Cleveland (1992) e denominato EROI (Energy Return On Investiment). Tale indicatore
considera tutto gli input diretti ed indiretti di energia coinvolti in un processo e l’output
totale:
EROI t = ∑k EOk, t / ∑k EIk, t
dove: Eo = energia dell’output dell’energia del tipo k-esimo al tempo t
Ei = energia dell’input dell’energia del tipo k-esimo al tempo t
L’energia, nel caso più semplice, viene considerata secondo l’equivalente termico. Si
possono usare della somme pesate sia per gli input che per gli output, secondo la qualità
dell’energia in gioco, assegnando pesi più alti alle energie di livello più elevato.
Una recente evoluzione di questo tipo di approccio basato sull’analisi emergetica
input/output è rappresentato dalla modellistica ECCO (Evolution of Capital Creation
Options) sviluppata M. Slesser (1990) alla University of Edinburgh. I modelli ECCO
vengono applicati su scala nazionale o regionale e sono studiati per stimare le
conseguenze di medio e lungo termine di politiche economiche, trasformazioni
tecnologiche e differenti opzioni ambientali. Questi modelli considerano le interconnessioni
tra i vari modelli chiave di una economia quali la struttura e la dinamica della popolazione,
la disponibilità di risorse, il livello di industrializzazione e l’efficienza di trasformazione tra i
vari settori, l’investimento di capitale ed il sistema fiscale. L’approccio ECCO è quindi un
ausilio nel dare risposte circa le strategie economiche, fiscali, o di salvaguardia
ambientale che governi o amministrazioni in genere devono adottare per una buona
interazione tra sviluppo e ambiente.
Un altro indicatore che si basa su un criterio di “convenienza” per l’utilizzatore è quello di
exergia. Questa funzione misure il massimo lavoro meccanico che può essere estratto da
un dato flusso di energia. L’approccio exergetico considera la riduzione di qualità che
accompagna la trasformazione da un tipo ad un altro di energia e viene solitamente
applicato a singoli processi tecnologici (da C.J. Cleveland, 1989). La funzione exergia è
stata anche estrapolata all’analisi della sostenibilità degli ecosistemi per dare una
valutazione del livello organizzativo in cui questi si collocano nei vari stadi della loro
evoluzione. La complessità, la quantità di “organizzazione” in un ecosistema vengono
messi in relazione con la concentrazione dei vari componenti presenti nell’ecosistema
stesso. Ogni componente viene “pesato” secondo il suo livello di complessità che è dato
dalla quantità di informazione che i geni organizzano nel DNA (S. E. Jørgensen, 1992).

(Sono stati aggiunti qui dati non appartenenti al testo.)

lemma min_inner_set_plus:
  fixes A B :: "'a::euclidean_space set"
  assumes "compact A" "A \<noteq> {}" "compact B" "B \<noteq> {}"
  shows "min_inner (A + B) e = min_inner A e + min_inner B e"
proof -
  obtain a where a: "a \<in> A" "min_inner A e = inner a e" "\<And>x. x \<in> A \<Longrightarrow> inner a e \<le> inner x e"
    using min_inner_attained[OF assms(1,2)] by metis
  obtain b where b: "b \<in> B" "min_inner B e = inner b e" "\<And>x. x \<in> B \<Longrightarrow> inner b e \<le> inner x e"
    using min_inner_attained[OF assms(3,4)] by metis
  have "min_inner (A + B) e = inner (a + b) e"
  proof (rule min_inner_eqI)
    show "a + b \<in> A + B"
      using a b by blast
    fix x assume "x \<in> A + B"
    then show "inner (a + b) e \<le> inner x e"
      using a(3) b(3) by (auto elim!: set_plus_elim simp: inner_add_left add_mono)
  qed
  with a b show ?thesis
    by (simp add: inner_add_left)
qed

text \<open>A point of A outside B is separated from B by a hyperplane; adding the point of C
  that minimises the normal keeps it separated.\<close>
lemma set_plus_right_cancel_subset:
  fixes A B C :: "'a::euclidean_space set"
  assumes "A + C \<subseteq> B + C" "closed B" "convex B" "compact C" "C \<noteq> {}"
  shows "A \<subseteq> B"
proof
  fix p assume p: "p \<in> A"
  show "p \<in> B"
  proof (rule ccontr)
    assume "p \<notin> B"
    then obtain u b where ub: "inner u p < b" "\<forall>x\<in>B. inner u x > b"
      using separating_hyperplane_closed_point[OF assms(3,2)] by blast
    obtain c where c: "c \<in> C" "\<And>x. x \<in> C \<Longrightarrow> inner c u \<le> inner x u"
      using min_inner_attained[OF assms(4,5), of u] by metis
    have "p + c \<in> B + C"
      using assms(1) p c(1) by blast
    then obtain b' c' where bc: "b' \<in> B" "c' \<in> C" "p + c = b' + c'"
      by (auto elim: set_plus_elim)
    then have "inner u (p + c) = inner u b' + inner u c'"
      by (simp add: inner_add_right)
    moreover have "inner u b' > b"
      using ub bc(1) by auto
    moreover have "inner c u \<le> inner c' u"
      using c bc(2) by auto
    ultimately show False
      using ub(1) by (simp add: inner_add_right inner_commute)
  qed
qed

lemma bounded_ray_eq_0:
  fixes a :: "'a::real_normed_vector"
  assumes "bounded S" "\<And>s. s \<ge> 0 \<Longrightarrow> s *\<^sub>R a \<in> S"
  shows "a = 0"
proof (rule ccontr)
  assume nz: "a \<noteq> 0"
  obtain B where B: "B > 0" "\<forall>y\<in>S. norm y \<le> B"
    using assms(1) bounded_pos by blast
  define t where "t = (B + 1) / norm a"
  have "t \<ge> 0"
    unfolding t_def using B by simp
  then have "norm (t *\<^sub>R a) \<le> B"
    using B assms(2) by blast
  moreover have "norm (t *\<^sub>R a) = B + 1"
    unfolding t_def using nz B by simp
  ultimately show False
    by simp
qed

Questo approccio è tuttora in fase di generalizzazione ad ecosistemi più complessi e ad
analisi a livello territoriale dove sia presente una interazione tra ecosistemi naturali e
sistema umano.
Una metodologia che si discosta in linea di principio da quelle fin quo esposte è quella
basata sul concetto di emergia. La differenza fondamentale sta nel fatto che quello
emergetico è un approccio che valuta la qualità dell’energia sulla base di ciò che è
necessario per la costituzione di un prodotto e non sulla quantità di lavoro o di calore
ricavabili da esso.
L’emergia e l’exergia possono quindi essere considerati indicatori complementari: il primo
misura lo sforzo compiuto dalla biosfera nel suo insieme per ottenere un risultato il cui
livello di complessità può essere misurato dal secondo indicatore. Il rapporto tra emergia
ed exergia può essere visto come un indice dell’efficienza con cui un sistema trasforma gli
input a disposizione misurati secondo l’equivalente solare (emergia) in un output di
organizzazione del sistema stesso (exergia).

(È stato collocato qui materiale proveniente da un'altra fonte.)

lemma self_dual_code_necessary_odd_char:
  fixes C :: "(nat \<Rightarrow> 'g::{group_add,finite} \<Rightarrow> 'k::{field,finite}) set"
  assumes "(2 :: 'k) \<noteq> 0" "quasi_G_code l C" "ga_dual l C = C"
  shows "even l \<and> (card (UNIV :: 'k set) mod 4 = 3 \<longrightarrow> 4 dvd l)"
proof -
  obtain P :: "'g set" and a where "group_add_subgroup P" "card P = 2 ^ a"
    and odd_index: "odd (card (range (group_add_subgroup.left_coset P)))"
    using exists_sylow_2_subgroup by blast
  then interpret group_add_subgroup P
    by simp
  have "(of_nat (card P) :: 'k) \<noteq> 0"
    using \<open>card P = 2 ^ a\<close> assms(1) by simp
  then obtain k where k: "l * card (range left_coset) = 2 * k"
    and sqrt: "odd k \<longrightarrow> (\<exists>z::'k. z * z = -1)"
    using self_dual_code_coset_count[OF _ assms(2,3)] by blast
  have "even (l * card (range left_coset))"
    using k by simp
  then have "even l"
    using odd_index by simp
  moreover have "4 dvd l" if "card (UNIV :: 'k set) mod 4 = 3"
  proof -
    have "odd (card (UNIV :: 'k set))"
      using assms(1) two_eq_zero_iff_even_card by blast
    then have "even k"
      using sqrt card_mod_4_eq_1_if_sqrt_minus_one that by fastforce
    obtain l' k' where "l = 2 * l'" "k = 2 * k'"
      using \<open>even l\<close> \<open>even k\<close> by (elim evenE)
    then have "even (l' * card (range left_coset))"
      using k by simp
    then have "even l'"
      using odd_index by simp
    then show ?thesis
      using \<open>l = 2 * l'\<close> by auto
  qed
  ultimately show ?thesis
    by blast
qed

lemma self_dual_code_exists_if_block:
  fixes B :: "(nat \<Rightarrow> 'k::field) set"
  assumes "self_dual_block d B" "d dvd l"
  shows "\<exists>C :: (nat \<Rightarrow> 'g::{group_add,finite} \<Rightarrow> 'k) set. quasi_G_code l C \<and> ga_dual l C = C"
  using quasi_G_code_block_code[OF assms(1)] ga_dual_block_code[OF assms] by blast

lemma self_dual_code_exists_char_2_iff:
  assumes "(2 :: 'k::{field,finite}) = 0"
  shows "(\<exists>C :: (nat \<Rightarrow> 'g::{group_add,finite} \<Rightarrow> 'k) set. quasi_G_code l C \<and> ga_dual l C = C)
    \<longleftrightarrow> even l \<or> even (card (UNIV :: 'g set))"
proof
  show "even l \<or> even (card (UNIV :: 'g set))"
    if "\<exists>C :: (nat \<Rightarrow> 'g \<Rightarrow> 'k) set. quasi_G_code l C \<and> ga_dual l C = C"
    using that self_dual_code_necessary_char_2 by blast
  have "(1 :: 'k) * 1 = -1"
    using assms by (simp add: eq_neg_iff_add_eq_0)
  then have "even l \<Longrightarrow> \<exists>C :: (nat \<Rightarrow> 'g \<Rightarrow> 'k) set. quasi_G_code l C \<and> ga_dual l C = C"
    using self_dual_code_exists_if_block[OF self_dual_block_sqrt_minus_one] by blast
  moreover have "\<exists>C :: (nat \<Rightarrow> 'g \<Rightarrow> 'k) set. quasi_G_code l C \<and> ga_dual l C = C"
    if even_card: "even (card (UNIV :: 'g set))"
  proof -
    obtain t :: 'g where "t \<noteq> 0" "t + t = 0"
      using exists_order_two_if_even_card[OF even_card] by blast
    then show ?thesis
      using quasi_G_code_translation_invariant_code ga_dual_translation_invariant_code assms by blast
  qed
  ultimately show "\<exists>C :: (nat \<Rightarrow> 'g \<Rightarrow> 'k) set. quasi_G_code l C \<and> ga_dual l C = C"
    if "even l \<or> even (card (UNIV :: 'g set))"
    using that by blast
qed
lemma not_integral_curve_to_D_at_bot:
  assumes "1 < \<gamma>" "\<gamma> < 3" "0 < \<mu>" "\<mu> < 1"
  shows "\<not> integral_curve_to_D \<gamma> \<mu> H U at_bot"
proof
  assume curve: "integral_curve_to_D \<gamma> \<mu> H U at_bot"
  define w where "w = (\<lambda>s. H s - special_coeff \<gamma> * (U s)^2)"
  define u where "u = (\<lambda>s. U s - U_D \<gamma>)"
  note nf = integral_curve_to_D_normal_form[OF assms(1,2) curve w_def u_def]
  have "rate_u \<gamma> \<mu> (U_D \<gamma>) < 0" "rate_w \<gamma> \<mu> 0 (U_D \<gamma>) < 0"
    using rate_u_less_rate_w_at_D[OF assms] rate_w_at_D_neg[of \<gamma> \<mu>] assms by auto
  with nf(4,5) have "\<forall>\<^sub>F s in at_bot. rate_w \<gamma> \<mu> (w s) (U s) < 0 \<and> rate_u \<gamma> \<mu> (U s) < 0"
    by (auto intro: eventually_conj order_tendstoD(2))
  with nf(1) have "\<forall>\<^sub>F s in at_bot. (w has_real_derivative w s * rate_w \<gamma> \<mu> (w s) (U s)) (at s)
      \<and> (u has_real_derivative w s * (U s + k2 \<gamma> \<mu>) + u s * rate_u \<gamma> \<mu> (U s)) (at s)
      \<and> rate_w \<gamma> \<mu> (w s) (U s) \<le> 0 \<and> rate_u \<gamma> \<mu> (U s) \<le> 0"
    by eventually_elim auto
  then have "\<forall>\<^sub>F s in at_bot. w s = 0 \<and> u s = 0"
    using nf(2,6) by (rule triangular_system_zero_if_tendsto_zero_at_bot)
  with nf(1) have "\<forall>\<^sub>F s in at_bot. (w s \<noteq> 0 \<or> u s \<noteq> 0) \<and> w s = 0 \<and> u s = 0"
    by eventually_elim blast
  then obtain s where "(w s \<noteq> 0 \<or> u s \<noteq> 0) \<and> w s = 0 \<and> u s = 0"
    using eventually_happens'[OF trivial_limit_at_bot_linorder] by blast
  then show False by blast
qed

Questo è soltanto un breve sommario dei vari indicatori di sostenibilità basati su parametri
termodinamici; altri indici vengono usati correntemente per stabilire l’accettabilità da un
punto di vista ambientale de processi produttivi o di scelte di politica economica. Molti di
questi sono rivolti all’analisi di un particolare problema (ad esempio la quantità di anidride
carbonica prodotta in processi alternativi); gli indicatori basati su grandezze
termodinamiche, tradizionali e non, consentono però, sfruttando un punto di vista
“sistemico”, di dare risposte più complete ai problemi di sostenibilità.